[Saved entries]

theorem mainTheorem2:
  fixes M :: "'a::metric_space measure" and \<phi> :: "nat \<Rightarrow> 'a \<Rightarrow> real"
    and pt :: 'a and s :: real and f :: "'a \<Rightarrow> real"
  assumes "s = 1 \<or> s = -1"
    and "admissible M \<phi> pt"
    and "f \<in> A_s s M \<phi> pt"
    and "\<not> (AE x in M. f x = 0)"
  shows "measure M {x \<in> space M. f x < 0}
           * (\<Sum>n\<in>{n. s * fcoef M \<phi> f n < 0}. (linf_norm M (\<phi> n))\<^sup>2) \<ge> 1/16
       \<and> ball_meas M pt (r_f M pt f)
           * (\<Sum>n<k_idx (\<lambda>n. s * fcoef M \<phi> f n). (linf_norm M (\<phi> n))\<^sup>2) \<ge> 1/16"
proof -
  let ?m = "measure M {x \<in> space M. f x < 0}" and ?a = "\<lambda>n. s * fcoef M \<phi> f n"
    and ?L2 = "\<lambda>n. (linf_norm M (\<phi> n))\<^sup>2"
  have quarter: "?m * (\<Sum>n\<in>{n. ?a n < 0}. ?L2 n) \<ge> 1/4"
    by (rule A_s_uncertainty_quarter[OF assms])
  interpret prob_space M
    using assms(2) by (rule admissible_prob_space)
  have "?m \<le> ball_meas M pt (r_f M pt f)"
    using assms(2,3) by (intro measure_negative_le_ball_meas_r_f finite_measure_axioms)
      (auto simp: admissible_def A_s_def L2_def)
  moreover have "(\<Sum>n\<in>{n. ?a n < 0}. ?L2 n) \<le> (\<Sum>n<k_idx ?a. ?L2 n)"
    using negative_indices_subset_k_idx[of ?a] assms(3) by (intro sum_mono2) (auto simp: A_s_def)
  ultimately have "?m * (\<Sum>n\<in>{n. ?a n < 0}. ?L2 n)
      \<le> ball_meas M pt (r_f M pt f) * (\<Sum>n<k_idx ?a. ?L2 n)"
    by (intro mult_mono') (auto intro: sum_nonneg)
  with quarter show ?thesis
    by simp
qed

end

Task to complete
Could you retype all of the records above exactly as they appear?

Result
theorem mainTheorem2:
  fixes M :: "'a::metric_space measure" and \<phi> :: "nat \<Rightarrow> 'a \<Rightarrow> real"
    and pt :: 'a and s :: real and f :: "'a \<Rightarrow> real"
  assumes "s = 1 \<or> s = -1"
    and "admissible M \<phi> pt"
    and "f \<in> A_s s M \<phi> pt"
    and "\<not> (AE x in M. f x = 0)"
  shows "measure M {x \<in> space M. f x < 0}
           * (\<Sum>n\<in>{n. s * fcoef M \<phi> f n < 0}. (linf_norm M (\<phi> n))\<^sup>2) \<ge> 1/16
       \<and> ball_meas M pt (r_f M pt f)
           * (\<Sum>n<k_idx (\<lambda>n. s * fcoef M \<phi> f n). (linf_norm M (\<phi> n))\<^sup>2) \<ge> 1/16"
proof -
  let ?m = "measure M {x \<in> space M. f x < 0}" and ?a = "\<lambda>n. s * fcoef M \<phi> f n"
    and ?L2 = "\<lambda>n. (linf_norm M (\<phi> n))\<^sup>2"
  have quarter: "?m * (\<Sum>n\<in>{n. ?a n < 0}. ?L2 n) \<ge> 1/4"
    by (rule A_s_uncertainty_quarter[OF assms])
  interpret prob_space M
    using assms(2) by (rule admissible_prob_space)
  have "?m \<le> ball_meas M pt (r_f M pt f)"
    using assms(2,3) by (intro measure_negative_le_ball_meas_r_f finite_measure_axioms)
      (auto simp: admissible_def A_s_def L2_def)
  moreover have "(\<Sum>n\<in>{n. ?a n < 0}. ?L2 n) \<le> (\<Sum>n<k_idx ?a. ?L2 n)"
    using negative_indices_subset_k_idx[of ?a] assms(3) by (intro sum_mono2) (auto simp: A_s_def)
  ultimately have "?m * (\<Sum>n\<in>{n. ?a n < 0}. ?L2 n)
      \<le> ball_meas M pt (r_f M pt f) * (\<Sum>n<k_idx ?a. ?L2 n)"
    by (intro mult_mono') (auto intro: sum_nonneg)
  with quarter show ?thesis
    by simp
qed

end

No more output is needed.